The ancient Greek-speaking world had been, for one thing, a world of argument and abstraction; the medieval Latin-speaking world became a world of image and imagination. As early as the late second century, images of the Virgin Mother with the Divine Child on her lap appeared in the Roman catacombs on rough arches high above the tombs of early Christians. In these quickly daubed, fading frescoes Mary may still be discerned, surrounded by other biblical figures, some in shallow relief:

    She turned up first in Rome,

    impressed upon a catacomb,

    a hieroglyph relief

    conceived by a martyred primitif.

Madonna and Child of the late second century from the Roman Catacomb of Santa Priscilla. The figure to the left is a prophet, either Balaam or Isaiah, each of whom was thought to have prophesied that Christ would appear as a star or light. Above the Madonna’s head is a star to which the prophet is pointing. Despite the poor state of preservation, we can discern that the Madonna is seated, wears a short-sleeved tunic, and is tenderly bent toward the baby, offering her breast. (Photo Credit 1.11)

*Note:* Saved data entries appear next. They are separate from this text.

(* Suppose $n \ge 2$ is an integer, $f : \mathbf R^{n-1} \to \mathbf R$ is of class $2$, $F : \mathbf R^{n-1} \to \mathbf R^n$ is given by $F(x) = (x, f(x))$, $C = \operatorname{im} F$, $0 < r \le \infty$, and $\|\mathbf b(C,c)\| \le r^{-1}$ for every $c \in C$. Let $\mathbf p : \mathbf R^n \to \mathbf R^{n-1}$ and $\mathbf q : \mathbf R^n \to \mathbf R$ be $\mathbf p(z_1,\dots,z_n) = (z_1,\dots,z_{n-1})$ and $\mathbf q(z_1,\dots,z_n) = z_n$. Then, whenever $z \in \mathbf R^n$ and $\operatorname{dist}(z,C) < r$, there exists a unique point $c \in C$ with $|z-c| = \operatorname{dist}(z,C)$; moreover, $\operatorname{sign}\mathbf q(z-c) = \operatorname{sign}(\mathbf q(z) - f(\mathbf p(z)))$.
   Context: For a submanifold $M$ of class $2$ of $\mathbf R^n$ and $a \in M$, the second fundamental form $\mathbf b(M,a) : \operatorname{Tan}(M,a)\times\operatorname{Tan}(M,a) \to \operatorname{Nor}(M,a)$ is the unique bilinear form such that $v \bullet \langle w, \mathrm D g(a)\rangle = -g(a)\bullet \mathbf b(M,a)(v,w)$ for $v,w\in\operatorname{Tan}(M,a)$ whenever $g : M\to\mathbf R^n$ is of class $1$ with $g(x)\in \operatorname{Nor}(M,x)$ for $x\in M$. $\|\mathbf b(M,a)\|$ is its norm, $\sup\{|\mathbf b(M,a)(v,w)| : |v|,|w|\le 1\}$. Here $r^{-1}=0$ if $r=\infty$. *)

theory Defs
  imports "HOL-Analysis.Analysis"
begin

definition Tan :: "'b::euclidean_space set \<Rightarrow> 'b \<Rightarrow> 'b set" where
  "Tan M a = {v. \<forall>e>0. \<exists>x\<in>M. \<exists>s>0. dist x a < e \<and> norm (s *\<^sub>R (x - a) - v) < e}"

definition Nor :: "'b::euclidean_space set \<Rightarrow> 'b \<Rightarrow> 'b set" where
  "Nor M a = {u. \<forall>v\<in>Tan M a. u \<bullet> v = 0}"

definition C1_on_with :: "'b::euclidean_space set \<Rightarrow> ('b \<Rightarrow> 'c::euclidean_space) \<Rightarrow> ('b \<Rightarrow> 'b \<Rightarrow>\<^sub>L 'c) \<Rightarrow> bool" where
  "C1_on_with U G G' \<longleftrightarrow> open U \<and> (\<forall>x\<in>U. (G has_derivative blinfun_apply (G' x)) (at x)) \<and> continuous_on U G'"
lemma contract_connected: "connected_graph V' E'"
  unfolding connected_graph_def
proof (intro conjI ballI)
  show "V' \<noteq> {}"
    by (simp add: contract_V_def)
  fix a b
  assume "a \<in> V'" and "b \<in> V'"
  then obtain a0 b0 where "a0 \<in> V" "b0 \<in> V" and ab: "a = collapse a0" "b = collapse b0"
    unfolding collapse_onto by blast
  then have "(adj E)\<^sup>*\<^sup>* a0 b0"
    using connected unfolding connected_graph_def by blast
  then have "(adj E')\<^sup>*\<^sup>* (collapse a0) (collapse b0)"
    by (rule rtranclp_adj_map[OF _ collapse_edge])
  with ab show "(adj E')\<^sup>*\<^sup>* a b"
    by simp
qed

lemma card_edge_classes: "card outer_edges + card crossing_edges + card {e \<in> E. e \<subseteq> S} \<le> card E"
proof -
  let ?inner = "{e \<in> E. e \<subseteq> S}"
  have nonempty: "e \<noteq> {}" if "e \<in> E" for e
    using graph_edge_card[OF graph that] by auto
  have "card outer_edges + card crossing_edges = card (outer_edges \<union> crossing_edges)"
    using finite_edges unfolding outer_edges_def crossing_edges_def
    by (intro card_Un_disjoint[symmetric]) auto
  moreover have "card (outer_edges \<union> crossing_edges) + card ?inner
      = card (outer_edges \<union> crossing_edges \<union> ?inner)"
    using finite_edges nonempty unfolding outer_edges_def crossing_edges_def
    by (intro card_Un_disjoint[symmetric]) auto
  moreover have "card (outer_edges \<union> crossing_edges \<union> ?inner) \<le> card E"
    using finite_edges unfolding outer_edges_def crossing_edges_def by (intro card_mono) auto
  ultimately show ?thesis
    by simp
qed

text \<open>Counting edges against vertices: contracting \<open>S\<close> loses at least \<open>|S| - 1\<close> edges and exactly
  \<open>|S| - 1\<close> vertices, while the contraction is connected; so no edges are lost beyond those
  inside \<open>S\<close>, which makes the contraction a tree and no two crossing edges merge.\<close>

lemma contract_counts: "card E' + 1 = card V'" "card new_edges = card crossing_edges"
proof -
  have fin_cross: "finite crossing_edges"
    using finite_edges by (simp add: crossing_edges_def)
  have "card new_edges \<le> card crossing_edges"
    unfolding new_edges_image using card_image_le[OF fin_cross] .
  moreover have "card E' = card outer_edges + card new_edges"
  proof -
    have "outer_edges \<inter> new_edges = {}"
      using w_notin graph_edge_subset[OF graph] by (auto simp: outer_edges_def new_edges_def)
    moreover have "finite new_edges"
      unfolding new_edges_image using fin_cross by simp
    ultimately show ?thesis
      unfolding contract_E_eq using finite_edges
      by (intro card_Un_disjoint) (auto simp: outer_edges_def)
  qed
  moreover have "card V' + card S = card V + 1"
  proof -
    have "card (V - S) + card S = card V"
      using card_Diff_subset[OF finite_subset[OF S_subset finite_vertices] S_subset]
        card_mono[OF finite_vertices S_subset] by simp
    then show ?thesis
      using finite_vertices w_notin by (simp add: contract_V_def)
  qed
  moreover have "card V' \<le> card E' + 1"
    by (rule card_vertices_connected[OF contract_graph contract_connected])
  moreover have "card E + 1 = card V"
    using card_edges_tree[of V E] graph connected cycle_free by (simp add: tree_def)
  ultimately show "card E' + 1 = card V'" and "card new_edges = card crossing_edges"
    using card_edge_classes S_spans by linarith+
qed

lemma contract_tree: "tree V' E'"
  unfolding tree_def
  using contract_graph contract_connected
    connected_cycle_free_if_card[OF contract_graph contract_connected] contract_counts(1)
  by simp

lemma unique_nbr_in_S:
  assumes "x \<notin> S" and "y \<in> S" and "y' \<in> S" and "{x, y} \<in> E" and "{x, y'} \<in> E"
  shows "y = y'"
proof -
  have inj: "inj_on (\<lambda>e. insert w (e - S)) crossing_edges"
    using contract_counts(2) finite_edges
    by (intro eq_card_imp_inj_on) (simp_all add: crossing_edges_def new_edges_image)
  have "{x, y} \<in> crossing_edges" and "{x, y'} \<in> crossing_edges"
    using assms unfolding crossing_edges_def by auto
  moreover have "insert w ({x, y} - S) = insert w ({x, y'} - S)"
    using assms by auto
  ultimately have "{x, y} = {x, y'}"
    using inj_onD[OF inj] by metis
  then show ?thesis
    by (auto simp: doubleton_eq_iff)
qed

lemma nbrs_contract:
  assumes "x \<in> V - S"
  shows "nbrs E' x = (nbrs E x - S) \<union> (if \<exists>y\<in>S. {x, y} \<in> E then {w} else {})"
proof -
  have "x \<noteq> w"
    using assms w_notin by blast
  then show ?thesis
    using assms unfolding contract_E_eq outer_edges_def new_edges_def nbrs_def
    by (auto simp: doubleton_eq_iff insert_commute)
qed

lemma deg_contract:
  assumes x: "x \<in> V - S"
  shows "deg E' x = deg E x"
proof (cases "\<exists>y\<in>S. {x, y} \<in> E")
  case True
  then obtain y where y: "y \<in> S" "{x, y} \<in> E"
    by blast
  have "nbrs E x \<inter> S = {y}"
    using y unique_nbr_in_S[of x] x by (auto simp: insert_commute)
  moreover have "w \<notin> nbrs E x"
    using w_notin graph_edgeD(2)[OF graph] by auto
  moreover have "card (nbrs E x) = card (nbrs E x - S) + card (nbrs E x \<inter> S)"
    using card_Int_Diff[OF finite_nbrs[OF graph], where B = S] by simp
  ultimately show ?thesis
    using True finite_nbrs[OF graph, of x] unfolding deg_def nbrs_contract[OF x] by simp
next
  case False
  then have "nbrs E x - S = nbrs E x"
    by (auto simp: insert_commute)
  with False show ?thesis
    unfolding deg_def nbrs_contract[OF x] by simp
qed

end

section \<open>Two stars sharing a leaf\<close>

locale double_star_contraction = cubic_bipartite_tree +
  fixes v1 v2 u1 u2 u3 u4 u5 w :: 'a and S :: "'a set"
  assumes v1: "v1 \<in> X" and v2: "v2 \<in> X" and v12: "v1 \<noteq> v2"
    and nbrs_v1: "nbrs E v1 = {u1, u2, u5}" and nbrs_v2: "nbrs E v2 = {u3, u4, u5}"
    and leaves_distinct: "distinct [u1, u2, u3, u4, u5]" and w_notin: "w \<notin> V"
    and S_def: "S = {v1, v2} \<union> nbrs E v1 \<union> nbrs E v2"
begin

lemma star_edges:
  "{u1, v1} \<in> E" "{u2, v1} \<in> E" "{u5, v1} \<in> E" "{u3, v2} \<in> E" "{u4, v2} \<in> E" "{u5, v2} \<in> E"
  using nbrs_v1 nbrs_v2 by (auto simp: nbrs_def)

lemma leaves_in_Y: "{u1, u2, u3, u4, u5} \<subseteq> Y"
  using star_edges edge_side_X v1 v2 by blast

lemma S_eq: "S = {v1, v2, u1, u2, u3, u4, u5}"
  using S_def nbrs_v1 nbrs_v2 by auto

lemma S_inter_X: "S \<inter> X = {v1, v2}"
  using S_eq leaves_in_Y v1 v2 sides_disjoint by auto

lemma inner_edges: "card S \<le> card {e \<in> E. e \<subseteq> S} + 1"
proof -
  have "v1 \<notin> {u1, u2, u3, u4, u5}" and "v2 \<notin> {u1, u2, u3, u4, u5}"
    using leaves_in_Y v1 v2 sides_disjoint by blast+
  then have "card S = 7" and "card {{u1, v1}, {u2, v1}, {u5, v1}, {u3, v2}, {u4, v2}, {u5, v2}} = 6"
    using S_eq v12 leaves_distinct by (simp_all add: doubleton_eq_iff)
  moreover have "{{u1, v1}, {u2, v1}, {u5, v1}, {u3, v2}, {u4, v2}, {u5, v2}} \<subseteq> {e \<in> E. e \<subseteq> S}"
    using star_edges S_eq by auto
  then have "card {{u1, v1}, {u2, v1}, {u5, v1}, {u3, v2}, {u4, v2}, {u5, v2}} \<le> card {e \<in> E. e \<subseteq> S}"
    using finite_edges by (intro card_mono) auto
  ultimately show ?thesis
    by simp
qed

Apse of Santa Maria in Trastevere. The mosaic of Christ and the Virgin, enthroned beneath the hand of God and flanked by saints, was made about 1140. The mosaics lower down between the windows illustrate the life of the Virgin Mary. They were made in the late thirteenth century by the extraordinary medieval artist Pietro Cavallini. (Photo Credit 1.12)

For all we know, these are not the first Christian images of Mother and Child, only the first to survive. It is even possible that the worship of the Virgin Mary is as old as apostolic times. In any case, here, close to the very beginning of her Roman cult, the Virgin is shown as the Virgin of Christmas—as Mother, affectionate and nurturing. Her connection to the divine is a connection so ordinary, so quotidian, so human as to be almost bathetic. Like all mothers, she comforted the child in her arms, offered her breasts to his sucking lips, and wiped his little bum—actions repeated so often that they constituted the most visible and unremarkable work performed in the ancient world (or in ours, for that matter).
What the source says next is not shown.